If  $|$ $\overrightarrow{A}$ $+$ $\overrightarrow{B}$ $|$ $=$ $\left|\overrightarrow{A}\right|$ $$ $=$ $|$ $\overrightarrow{B}|$ then angle between A and B will be:

1.  $90°$

2. $120°$

3. $0°$

4. $60°$

The vector sum of two forces is perpendicular to their vector difference.

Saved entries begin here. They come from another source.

(* Let $d=2$ or $d$ an odd prime, let $t\ge1$, let $V$ be a unitary on $(\mathbb{C}^d)^{\otimes t}$ in the third level of the Clifford hierarchy, and let $|\phi\rangle$ be a pure stabilizer state on $(\mathbb{C}^d)^{\otimes t}$. Then $|\psi\rangle=V|\phi\rangle$ satisfies $D_{\min,\mathbb{F}_{\rm STAB}}(\psi^{\otimes n})=D_{\max,\mathbb{F}_{\rm STAB}}(\psi^{\otimes n})$ for every integer $n\ge1$.
   Context: $\log$ base 2. On $\mathbb{C}^d$, $X|j\rangle=|j+1\bmod d\rangle$, $Z|j\rangle=e^{2\pi ij/d}|j\rangle$; the multi-qudit (generalized) Pauli group is generated by tensor products of powers of $X$ and $Z$ (with phases). The Clifford group consists of unitaries that map the Pauli group to itself under conjugation (up to phases). The third level of the Clifford hierarchy consists of unitaries $V$ with $VPV^\dagger$ Clifford for every Pauli operator $P$. Pure stabilizer states are states $C|0\rangle^{\otimes m}$ with $C$ Clifford, and $\mathbb{F}_{\rm STAB}$ is the convex hull of pure stabilizer states on the relevant number of qudits (here $tn$). $D_{\min,\mathbb{F}}(\rho)=\inf_{\sigma\in\mathbb{F}}(-\log\mathrm{Tr}[\Pi_\rho\sigma])$; $D_{\max,\mathbb{F}}(\rho)=\inf\{\log(1+s):\frac{\rho+s\tau}{1+s}\in\mathbb{F},\tau\text{ a state}\}$. *)

theory Defs
  imports Complex_Main "Jordan_Normal_Form.Matrix" "HOL-Library.Extended_Real"
begin

definition adj :: "complex mat \<Rightarrow> complex mat" where
  "adj A = mat (dim_col A) (dim_row A) (\<lambda>(i,j). cnj (A $$ (j,i)))"

definition tr :: "complex mat \<Rightarrow> complex" where
  "tr A = (\<Sum>i<dim_row A. A $$ (i,i))"

definition unitary :: "nat \<Rightarrow> complex mat \<Rightarrow> bool" where
  "unitary N U \<longleftrightarrow> U \<in> carrier_mat N N \<and> U * adj U = 1\<^sub>m N \<and> adj U * U = 1\<^sub>m N"

definition kron :: "complex mat \<Rightarrow> complex mat \<Rightarrow> complex mat" where
  "kron A B = mat (dim_row A * dim_row B) (dim_col A * dim_col B)
     (\<lambda>(i,j). A $$ (i div dim_row B, j div dim_col B) * B $$ (i mod dim_row B, j mod dim_col B))"

fun kron_pow :: "complex mat \<Rightarrow> nat \<Rightarrow> complex mat" where
  "kron_pow A 0 = 1\<^sub>m 1"
| "kron_pow A (Suc n) = kron A (kron_pow A n)"

definition proj_vec :: "complex vec \<Rightarrow> complex mat" where
  "proj_vec v = mat (dim_vec v) (dim_vec v) (\<lambda>(i,j). v $ i * cnj (v $ j))"

definition psd :: "nat \<Rightarrow> complex mat \<Rightarrow> bool" where
  "psd N A \<longleftrightarrow> A \<in> carrier_mat N N \<and>
     (\<forall>v \<in> carrier_vec N. let q = (\<Sum>i<N. cnj (v $ i) * (A *\<^sub>v v) $ i) in Im q = 0 \<and> Re q \<ge> 0)"

definition is_state :: "nat \<Rightarrow> complex mat \<Rightarrow> bool" where
  "is_state N \<rho> \<longleftrightarrow> psd N \<rho> \<and> tr \<rho> = 1"

definition supp_proj :: "nat \<Rightarrow> complex mat \<Rightarrow> complex mat" where
  "supp_proj N \<rho> = (THE P. P \<in> carrier_mat N N \<and> adj P = P \<and> P * P = P \<and>
      {P *\<^sub>v x | x. x \<in> carrier_vec N} = {\<rho> *\<^sub>v x | x. x \<in> carrier_vec N})"

definition X_op :: "nat \<Rightarrow> complex mat" where
  "X_op d = mat d d (\<lambda>(i,j). if i = (j + 1) mod d then 1 else 0)"

definition Z_op :: "nat \<Rightarrow> complex mat" where
  "Z_op d = mat d d (\<lambda>(i,j). if i = j then exp (2 * pi * \<i> * of_nat j / of_nat d) else 0)"

fun pauli_string :: "nat \<Rightarrow> (nat \<times> nat) list \<Rightarrow> complex mat" where
  "pauli_string d [] = 1\<^sub>m 1"
| "pauli_string d ((a,b) # ps) = kron (X_op d ^\<^sub>m a * Z_op d ^\<^sub>m b) (pauli_string d ps)"

definition pauli_group :: "nat \<Rightarrow> nat \<Rightarrow> complex mat set" where
  "pauli_group d m = {c \<cdot>\<^sub>m pauli_string d ps | c ps. cmod c = 1 \<and> length ps = m}"

definition clifford :: "nat \<Rightarrow> nat \<Rightarrow> complex mat set" where
  "clifford d m = {U. unitary (d ^ m) U \<and>
     (\<forall>P \<in> pauli_group d m. U * P * adj U \<in> pauli_group d m)}"
lemma orbit_label_Ad_semi:
  assumes g: "invertible g"
  shows "orbit_label (Ad_semi (g, v) p) = orbit_label p"
proof -
  obtain X w where p: "p = (X, w)"
    by (cases p)
  have range: "rho g w - drho (g ** X ** matrix_inv g) v \<in> range (drho (g ** X ** matrix_inv g))
      \<longleftrightarrow> w \<in> range (drho X)"
    using diff_in_range_drho_iff rho_in_range_drho_iff[OF g] by metis
  have "discr (rho g w) = 0 \<longleftrightarrow> discr w = 0"
    using g by (simp add: discr_rho invertible_det_nz)
  then show ?thesis
    using g by (auto simp: orbit_label_def p Ad_semi_apply conj_eq_0_iff range)
qed

lemma orbit_label_eq:
  assumes "semi_orbit p = semi_orbit q"
  shows "orbit_label p = orbit_label (q :: ('k::field^2^2) \<times> ('k^3))"
proof -
  have "q \<in> semi_orbit p"
    using assms semi_orbit_refl by blast
  then show ?thesis
    by (metis orbit_label_Ad_semi semi_orbitE)
qed

lemma range_drho_0: "range (drho 0) = {0 :: 'k::field^3}"
  by auto

lemma range_drho_J2: "range (drho J2) = {w :: 'k::field_char_0^3. w$3 = 0}"
proof -
  have "w \<in> range (drho J2)" if "w$3 = 0" for w :: "'k^3"
  proof (rule range_eqI)
    show "w = drho J2 (vector [0, w$1, w$2 / 2])"
      using that by (simp add: drho_def J2_def Let_def vec_eq_iff forall_3)
  qed
  moreover have "drho J2 u $ 3 = 0" for u :: "'k^3"
    by (simp add: drho_def J2_def Let_def)
  ultimately show ?thesis
    by auto
qed

subsection \<open>The nilpotent cone\<close>

lemma det_funpow_mult: "det (((**) X ^^ n) (mat 1)) = det X ^ n"
  by (induction n) (simp_all add: det_mul)
definition nbhd_set :: "(nat \<Rightarrow> nat \<Rightarrow> bool) \<Rightarrow> nat set \<Rightarrow> nat set" where
  "nbhd_set E A = (\<Union>a\<in>A. nbhd E a) - A"

definition adj_mat :: "nat \<Rightarrow> (nat \<Rightarrow> nat \<Rightarrow> bool) \<Rightarrow> real mat" where
  "adj_mat n E = mat n n (\<lambda>(i, j). if E i j then 1 else 0)"

text \<open>(n,d,lambda)-graph: n-vertex d-regular simple graph such that, after removing one
  copy of the eigenvalue d from the spectrum (with multiplicity) of the adjacency matrix,
  all remaining eigenvalues have absolute value at most lambda.\<close>
definition ndl_graph :: "nat \<Rightarrow> nat \<Rightarrow> real \<Rightarrow> (nat \<Rightarrow> nat \<Rightarrow> bool) \<Rightarrow> bool" where
  "ndl_graph n d lam E \<longleftrightarrow>
     simple_graph_on n E \<and>
     (\<forall>v<n. card (nbhd E v) = d) \<and>
     (\<exists>q. char_poly (adj_mat n E) = [:- real d, 1:] * q \<and>
          (\<forall>z::complex. poly (map_poly complex_of_real q) z = 0 \<longrightarrow> cmod z \<le> lam))"

definition subgraph :: "(nat \<Rightarrow> nat \<Rightarrow> bool) \<Rightarrow> (nat \<Rightarrow> nat \<Rightarrow> bool) \<Rightarrow> bool" where
  "subgraph E' E \<longleftrightarrow> (\<forall>u v. E' u v \<longrightarrow> E u v) \<and> (\<forall>u v. E' u v \<longrightarrow> E' v u)"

In this case, the two forces: 

1. Are equal

2. Have the same magnitude

3. Are not equal in magnitude

4. Cannot be predicted

$\begin{array}{l}\text{ If }|\overrightarrow{\mathrm{A}}\times \overrightarrow{\mathrm{B}}|=\sqrt{3}\overrightarrow{\mathrm{A}}\cdot \overrightarrow{\mathrm{B}}\text{, then the value of }\\ |\overrightarrow{\mathrm{A}}+\overrightarrow{\mathrm{B}}|\text{ is: }\end{array}$

1. ${({\mathrm{A}}^2+{\mathrm{B}}^2+\frac{\mathrm{AB}}{\sqrt{3}})}^{1/2}$

2. A+B

3. ${({\mathrm{A}}^2+{\mathrm{B}}^2+\sqrt{3}\mathrm{AB})}^{1/2}$

4. ${({\mathrm{A}}^2+{\mathrm{B}}^2+\mathrm{AB})}^{1/2}$

If a vector ($2\hat{\mathrm{i}}+3\hat{j}+8\hat{k}$) is perpendicular to the vector ($4\hat{\mathrm{i}}-4\hat{j}+\mathrm{\alpha }\hat{k}$), then the value of $\mathrm{\alpha \; is:}$

1. -1

2. $-\frac{1}{2}$

3. $\frac{1}{2}$

4. 1

If the angle between the vector $\overrightarrow{\mathrm{A}}\text{ and }\overrightarrow{\mathrm{B}}$ is θ, the value of the product $(\overrightarrow{\mathrm{B}}\times \overrightarrow{\mathrm{A}})\cdot \overrightarrow{\mathrm{A}}$ is equal to:

1. zero

2. BA²sinθcosθ

3. BA²cosθ

4. BA²sinθ